(Records shown)

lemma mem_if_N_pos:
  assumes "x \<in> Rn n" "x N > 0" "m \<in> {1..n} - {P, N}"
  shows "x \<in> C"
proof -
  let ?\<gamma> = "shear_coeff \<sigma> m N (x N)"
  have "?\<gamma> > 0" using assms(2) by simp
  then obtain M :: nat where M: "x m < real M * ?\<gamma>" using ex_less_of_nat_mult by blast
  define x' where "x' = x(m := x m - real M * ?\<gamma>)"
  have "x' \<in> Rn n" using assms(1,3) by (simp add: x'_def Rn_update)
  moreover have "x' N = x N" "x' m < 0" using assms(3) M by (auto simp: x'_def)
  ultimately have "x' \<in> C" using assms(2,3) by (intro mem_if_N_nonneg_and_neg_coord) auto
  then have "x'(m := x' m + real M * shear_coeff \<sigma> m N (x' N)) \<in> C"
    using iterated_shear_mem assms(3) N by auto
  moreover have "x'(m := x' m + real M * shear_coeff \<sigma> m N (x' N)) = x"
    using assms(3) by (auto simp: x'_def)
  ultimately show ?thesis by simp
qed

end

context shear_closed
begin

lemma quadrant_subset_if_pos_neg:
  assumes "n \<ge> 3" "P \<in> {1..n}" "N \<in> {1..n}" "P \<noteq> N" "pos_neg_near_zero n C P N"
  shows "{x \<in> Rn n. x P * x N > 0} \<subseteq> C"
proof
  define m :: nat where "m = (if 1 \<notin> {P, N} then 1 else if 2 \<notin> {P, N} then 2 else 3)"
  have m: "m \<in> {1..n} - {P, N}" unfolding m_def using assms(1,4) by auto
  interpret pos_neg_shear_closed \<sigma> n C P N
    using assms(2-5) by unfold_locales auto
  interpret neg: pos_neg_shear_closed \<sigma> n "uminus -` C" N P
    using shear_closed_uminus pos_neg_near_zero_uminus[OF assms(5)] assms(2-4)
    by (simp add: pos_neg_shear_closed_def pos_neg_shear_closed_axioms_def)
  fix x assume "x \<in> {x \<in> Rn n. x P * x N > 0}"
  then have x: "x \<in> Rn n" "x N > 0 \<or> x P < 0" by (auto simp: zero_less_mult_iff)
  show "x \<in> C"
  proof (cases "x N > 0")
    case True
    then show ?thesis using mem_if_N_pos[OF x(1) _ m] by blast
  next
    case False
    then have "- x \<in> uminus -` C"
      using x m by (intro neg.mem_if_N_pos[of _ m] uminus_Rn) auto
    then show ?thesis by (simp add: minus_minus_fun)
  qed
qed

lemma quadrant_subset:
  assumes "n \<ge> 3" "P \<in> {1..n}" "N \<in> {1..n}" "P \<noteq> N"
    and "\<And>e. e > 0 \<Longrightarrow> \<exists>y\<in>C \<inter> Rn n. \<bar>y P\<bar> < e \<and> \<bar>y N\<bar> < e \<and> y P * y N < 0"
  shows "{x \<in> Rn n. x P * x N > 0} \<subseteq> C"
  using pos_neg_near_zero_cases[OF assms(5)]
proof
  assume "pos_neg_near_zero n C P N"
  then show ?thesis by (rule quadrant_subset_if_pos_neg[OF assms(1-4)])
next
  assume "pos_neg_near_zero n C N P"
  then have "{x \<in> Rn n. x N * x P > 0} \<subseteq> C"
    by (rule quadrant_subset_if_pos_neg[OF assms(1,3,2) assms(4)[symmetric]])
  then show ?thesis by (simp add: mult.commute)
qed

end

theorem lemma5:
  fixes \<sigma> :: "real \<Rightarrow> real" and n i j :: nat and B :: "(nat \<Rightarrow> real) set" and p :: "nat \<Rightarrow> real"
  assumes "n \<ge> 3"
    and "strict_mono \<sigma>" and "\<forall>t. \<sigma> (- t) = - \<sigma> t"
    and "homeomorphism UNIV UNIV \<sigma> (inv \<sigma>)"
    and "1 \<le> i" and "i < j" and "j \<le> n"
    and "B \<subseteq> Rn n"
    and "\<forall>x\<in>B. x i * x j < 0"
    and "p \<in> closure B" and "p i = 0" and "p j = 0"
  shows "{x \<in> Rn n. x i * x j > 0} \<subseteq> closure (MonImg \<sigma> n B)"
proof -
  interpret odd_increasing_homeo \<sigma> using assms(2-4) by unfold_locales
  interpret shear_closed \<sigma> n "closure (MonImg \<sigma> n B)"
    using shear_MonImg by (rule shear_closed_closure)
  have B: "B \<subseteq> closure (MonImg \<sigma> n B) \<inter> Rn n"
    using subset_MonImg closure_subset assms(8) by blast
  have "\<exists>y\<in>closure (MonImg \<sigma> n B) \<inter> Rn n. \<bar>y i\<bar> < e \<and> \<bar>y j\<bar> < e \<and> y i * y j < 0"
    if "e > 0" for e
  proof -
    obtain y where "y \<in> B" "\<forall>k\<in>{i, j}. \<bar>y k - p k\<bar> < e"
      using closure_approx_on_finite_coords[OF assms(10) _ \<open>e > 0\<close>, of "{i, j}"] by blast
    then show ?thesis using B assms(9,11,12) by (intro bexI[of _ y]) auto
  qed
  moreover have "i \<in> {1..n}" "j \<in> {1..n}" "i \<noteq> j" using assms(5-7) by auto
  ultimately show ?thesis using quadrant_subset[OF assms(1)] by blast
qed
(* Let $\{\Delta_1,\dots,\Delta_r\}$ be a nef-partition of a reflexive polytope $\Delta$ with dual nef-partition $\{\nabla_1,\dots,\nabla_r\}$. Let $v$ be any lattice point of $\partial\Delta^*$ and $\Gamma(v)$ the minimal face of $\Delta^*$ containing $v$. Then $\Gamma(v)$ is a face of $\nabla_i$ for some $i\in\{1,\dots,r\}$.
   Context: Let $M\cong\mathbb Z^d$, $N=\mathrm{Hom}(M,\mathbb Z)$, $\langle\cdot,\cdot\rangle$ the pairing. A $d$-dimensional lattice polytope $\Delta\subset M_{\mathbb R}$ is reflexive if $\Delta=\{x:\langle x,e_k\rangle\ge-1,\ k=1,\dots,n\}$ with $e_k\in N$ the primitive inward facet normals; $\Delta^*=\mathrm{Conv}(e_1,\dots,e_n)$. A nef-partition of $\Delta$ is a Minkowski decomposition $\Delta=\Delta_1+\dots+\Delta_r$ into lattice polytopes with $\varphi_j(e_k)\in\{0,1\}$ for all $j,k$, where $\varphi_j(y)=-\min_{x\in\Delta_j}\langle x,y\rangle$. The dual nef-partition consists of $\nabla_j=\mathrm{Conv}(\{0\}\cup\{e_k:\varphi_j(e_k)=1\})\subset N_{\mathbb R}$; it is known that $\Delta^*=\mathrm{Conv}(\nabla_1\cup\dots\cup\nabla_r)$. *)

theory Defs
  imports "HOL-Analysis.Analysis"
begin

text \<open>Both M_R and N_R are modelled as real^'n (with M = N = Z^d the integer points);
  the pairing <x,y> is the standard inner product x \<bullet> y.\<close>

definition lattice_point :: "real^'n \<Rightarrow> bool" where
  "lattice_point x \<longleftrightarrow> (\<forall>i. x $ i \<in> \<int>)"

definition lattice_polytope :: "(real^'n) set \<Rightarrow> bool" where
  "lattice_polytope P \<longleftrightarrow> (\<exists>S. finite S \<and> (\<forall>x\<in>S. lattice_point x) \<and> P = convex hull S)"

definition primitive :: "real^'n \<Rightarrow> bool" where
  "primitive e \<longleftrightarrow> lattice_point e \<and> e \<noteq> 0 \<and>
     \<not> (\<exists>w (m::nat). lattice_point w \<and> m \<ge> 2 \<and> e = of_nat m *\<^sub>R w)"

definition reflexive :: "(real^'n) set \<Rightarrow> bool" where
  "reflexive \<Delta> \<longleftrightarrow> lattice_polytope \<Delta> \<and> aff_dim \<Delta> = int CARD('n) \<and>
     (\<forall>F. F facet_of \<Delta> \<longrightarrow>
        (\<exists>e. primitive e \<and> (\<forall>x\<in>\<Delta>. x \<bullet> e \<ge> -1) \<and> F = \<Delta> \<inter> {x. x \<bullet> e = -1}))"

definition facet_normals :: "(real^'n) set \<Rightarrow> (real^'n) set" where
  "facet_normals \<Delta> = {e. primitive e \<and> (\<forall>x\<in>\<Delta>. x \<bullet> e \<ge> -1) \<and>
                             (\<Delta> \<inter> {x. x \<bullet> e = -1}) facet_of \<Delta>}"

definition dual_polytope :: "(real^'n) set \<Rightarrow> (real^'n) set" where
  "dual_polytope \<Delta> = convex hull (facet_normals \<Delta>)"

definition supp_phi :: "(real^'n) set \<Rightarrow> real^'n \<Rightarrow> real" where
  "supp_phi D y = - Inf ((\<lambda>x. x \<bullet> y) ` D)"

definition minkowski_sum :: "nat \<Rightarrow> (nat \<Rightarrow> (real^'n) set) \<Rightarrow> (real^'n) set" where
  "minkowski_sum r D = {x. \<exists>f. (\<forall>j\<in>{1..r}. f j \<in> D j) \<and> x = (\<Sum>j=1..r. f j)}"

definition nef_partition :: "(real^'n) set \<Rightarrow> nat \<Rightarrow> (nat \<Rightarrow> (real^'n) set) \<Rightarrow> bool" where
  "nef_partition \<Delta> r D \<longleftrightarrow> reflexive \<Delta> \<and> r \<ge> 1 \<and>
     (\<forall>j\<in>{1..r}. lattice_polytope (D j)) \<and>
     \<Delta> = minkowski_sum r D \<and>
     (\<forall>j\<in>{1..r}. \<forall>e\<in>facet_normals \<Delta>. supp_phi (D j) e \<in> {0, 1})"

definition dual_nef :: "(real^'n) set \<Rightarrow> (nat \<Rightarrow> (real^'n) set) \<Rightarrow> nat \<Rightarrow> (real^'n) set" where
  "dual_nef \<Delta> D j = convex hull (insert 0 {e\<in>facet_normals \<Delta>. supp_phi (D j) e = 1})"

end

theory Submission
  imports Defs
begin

(End Records shown)
(Records shown)

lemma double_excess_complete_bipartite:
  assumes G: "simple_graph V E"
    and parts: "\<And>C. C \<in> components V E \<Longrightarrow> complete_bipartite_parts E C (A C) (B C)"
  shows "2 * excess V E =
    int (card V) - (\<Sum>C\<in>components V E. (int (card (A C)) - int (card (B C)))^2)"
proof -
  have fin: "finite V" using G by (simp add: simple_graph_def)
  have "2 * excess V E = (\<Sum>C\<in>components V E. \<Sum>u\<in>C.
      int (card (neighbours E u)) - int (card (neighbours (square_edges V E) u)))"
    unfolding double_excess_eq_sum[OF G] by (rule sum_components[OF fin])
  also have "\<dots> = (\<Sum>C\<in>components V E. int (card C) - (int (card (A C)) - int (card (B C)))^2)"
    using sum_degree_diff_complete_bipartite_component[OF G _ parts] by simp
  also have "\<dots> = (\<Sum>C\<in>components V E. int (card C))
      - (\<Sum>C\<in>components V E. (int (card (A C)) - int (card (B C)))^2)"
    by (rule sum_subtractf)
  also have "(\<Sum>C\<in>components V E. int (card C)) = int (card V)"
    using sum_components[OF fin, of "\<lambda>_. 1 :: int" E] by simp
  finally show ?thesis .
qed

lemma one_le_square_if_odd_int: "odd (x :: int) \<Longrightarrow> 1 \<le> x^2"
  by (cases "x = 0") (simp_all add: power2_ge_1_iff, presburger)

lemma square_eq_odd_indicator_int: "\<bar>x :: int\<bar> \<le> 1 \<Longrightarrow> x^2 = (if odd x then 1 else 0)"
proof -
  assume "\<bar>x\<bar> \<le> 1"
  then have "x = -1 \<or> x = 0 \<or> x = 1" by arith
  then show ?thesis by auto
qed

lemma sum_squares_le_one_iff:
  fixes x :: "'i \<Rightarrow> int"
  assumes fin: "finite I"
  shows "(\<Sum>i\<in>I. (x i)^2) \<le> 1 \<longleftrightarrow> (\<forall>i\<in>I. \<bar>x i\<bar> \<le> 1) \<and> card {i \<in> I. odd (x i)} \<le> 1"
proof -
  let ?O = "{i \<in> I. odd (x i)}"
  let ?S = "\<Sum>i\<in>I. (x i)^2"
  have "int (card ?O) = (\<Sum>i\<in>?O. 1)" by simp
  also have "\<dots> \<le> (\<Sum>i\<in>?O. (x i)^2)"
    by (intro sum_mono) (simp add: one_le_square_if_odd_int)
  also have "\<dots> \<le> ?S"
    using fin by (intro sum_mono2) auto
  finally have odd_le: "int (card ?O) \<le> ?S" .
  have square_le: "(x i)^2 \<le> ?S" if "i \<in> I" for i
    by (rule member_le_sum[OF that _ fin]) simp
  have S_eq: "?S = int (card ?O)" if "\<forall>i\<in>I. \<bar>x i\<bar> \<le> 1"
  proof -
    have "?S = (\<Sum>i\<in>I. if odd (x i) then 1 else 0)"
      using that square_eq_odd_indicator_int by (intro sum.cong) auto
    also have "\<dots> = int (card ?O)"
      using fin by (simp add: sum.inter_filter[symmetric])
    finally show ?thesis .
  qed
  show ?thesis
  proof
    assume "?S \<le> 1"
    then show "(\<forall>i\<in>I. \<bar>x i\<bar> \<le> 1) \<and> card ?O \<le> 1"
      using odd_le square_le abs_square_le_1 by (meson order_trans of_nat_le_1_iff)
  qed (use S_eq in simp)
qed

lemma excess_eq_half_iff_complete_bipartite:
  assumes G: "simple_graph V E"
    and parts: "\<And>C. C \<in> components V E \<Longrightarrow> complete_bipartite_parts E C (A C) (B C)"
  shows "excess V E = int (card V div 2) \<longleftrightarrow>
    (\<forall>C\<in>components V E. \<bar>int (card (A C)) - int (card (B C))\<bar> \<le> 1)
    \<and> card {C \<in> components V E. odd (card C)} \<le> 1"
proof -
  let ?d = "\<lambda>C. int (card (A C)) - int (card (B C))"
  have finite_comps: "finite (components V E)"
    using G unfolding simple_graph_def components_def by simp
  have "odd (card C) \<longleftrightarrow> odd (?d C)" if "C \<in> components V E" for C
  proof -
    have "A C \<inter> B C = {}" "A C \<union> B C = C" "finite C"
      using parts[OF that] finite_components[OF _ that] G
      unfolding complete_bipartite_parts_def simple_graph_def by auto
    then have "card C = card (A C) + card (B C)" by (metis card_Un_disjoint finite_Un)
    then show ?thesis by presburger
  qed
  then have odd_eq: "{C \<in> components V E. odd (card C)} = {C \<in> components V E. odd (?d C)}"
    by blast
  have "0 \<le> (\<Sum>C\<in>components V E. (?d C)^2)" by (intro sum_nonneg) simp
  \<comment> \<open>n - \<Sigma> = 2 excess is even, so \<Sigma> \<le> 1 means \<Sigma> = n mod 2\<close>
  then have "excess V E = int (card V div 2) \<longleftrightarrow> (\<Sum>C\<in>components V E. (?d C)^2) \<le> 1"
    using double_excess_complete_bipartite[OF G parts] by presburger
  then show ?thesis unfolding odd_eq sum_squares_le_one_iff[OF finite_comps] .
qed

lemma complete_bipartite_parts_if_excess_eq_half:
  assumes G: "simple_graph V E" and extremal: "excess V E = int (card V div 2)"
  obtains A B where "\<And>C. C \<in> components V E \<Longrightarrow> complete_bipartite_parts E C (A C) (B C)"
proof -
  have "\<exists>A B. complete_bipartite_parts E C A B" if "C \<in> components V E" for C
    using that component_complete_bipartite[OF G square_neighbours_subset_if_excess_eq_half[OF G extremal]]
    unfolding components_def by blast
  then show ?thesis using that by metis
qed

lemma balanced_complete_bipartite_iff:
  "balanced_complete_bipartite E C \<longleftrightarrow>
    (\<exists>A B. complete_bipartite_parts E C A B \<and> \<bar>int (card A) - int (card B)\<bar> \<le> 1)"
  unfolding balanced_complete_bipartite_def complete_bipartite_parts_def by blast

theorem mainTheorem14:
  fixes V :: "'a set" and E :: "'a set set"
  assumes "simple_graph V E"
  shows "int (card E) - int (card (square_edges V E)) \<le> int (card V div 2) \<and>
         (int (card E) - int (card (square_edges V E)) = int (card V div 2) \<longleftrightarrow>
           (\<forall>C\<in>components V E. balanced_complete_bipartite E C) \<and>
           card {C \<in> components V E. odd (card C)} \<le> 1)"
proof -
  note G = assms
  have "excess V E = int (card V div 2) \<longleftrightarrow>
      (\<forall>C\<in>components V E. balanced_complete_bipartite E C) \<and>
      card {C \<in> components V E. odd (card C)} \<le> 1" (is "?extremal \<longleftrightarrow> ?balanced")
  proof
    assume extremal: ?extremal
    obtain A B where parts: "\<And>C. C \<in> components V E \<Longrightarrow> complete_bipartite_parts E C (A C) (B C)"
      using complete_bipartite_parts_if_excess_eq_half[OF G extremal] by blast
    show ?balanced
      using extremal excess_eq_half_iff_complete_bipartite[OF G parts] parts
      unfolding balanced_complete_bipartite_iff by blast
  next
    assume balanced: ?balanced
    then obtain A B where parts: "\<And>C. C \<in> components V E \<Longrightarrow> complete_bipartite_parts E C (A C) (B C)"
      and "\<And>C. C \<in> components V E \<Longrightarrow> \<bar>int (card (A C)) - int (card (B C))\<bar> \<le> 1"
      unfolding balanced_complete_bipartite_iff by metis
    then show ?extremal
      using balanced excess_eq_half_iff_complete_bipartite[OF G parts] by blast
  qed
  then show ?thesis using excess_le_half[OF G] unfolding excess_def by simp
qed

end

(End Records shown)

* **What you will do**:
The answer must be a single number: the count of lines in the records above that contain the word "open".

* **Answer box**:
3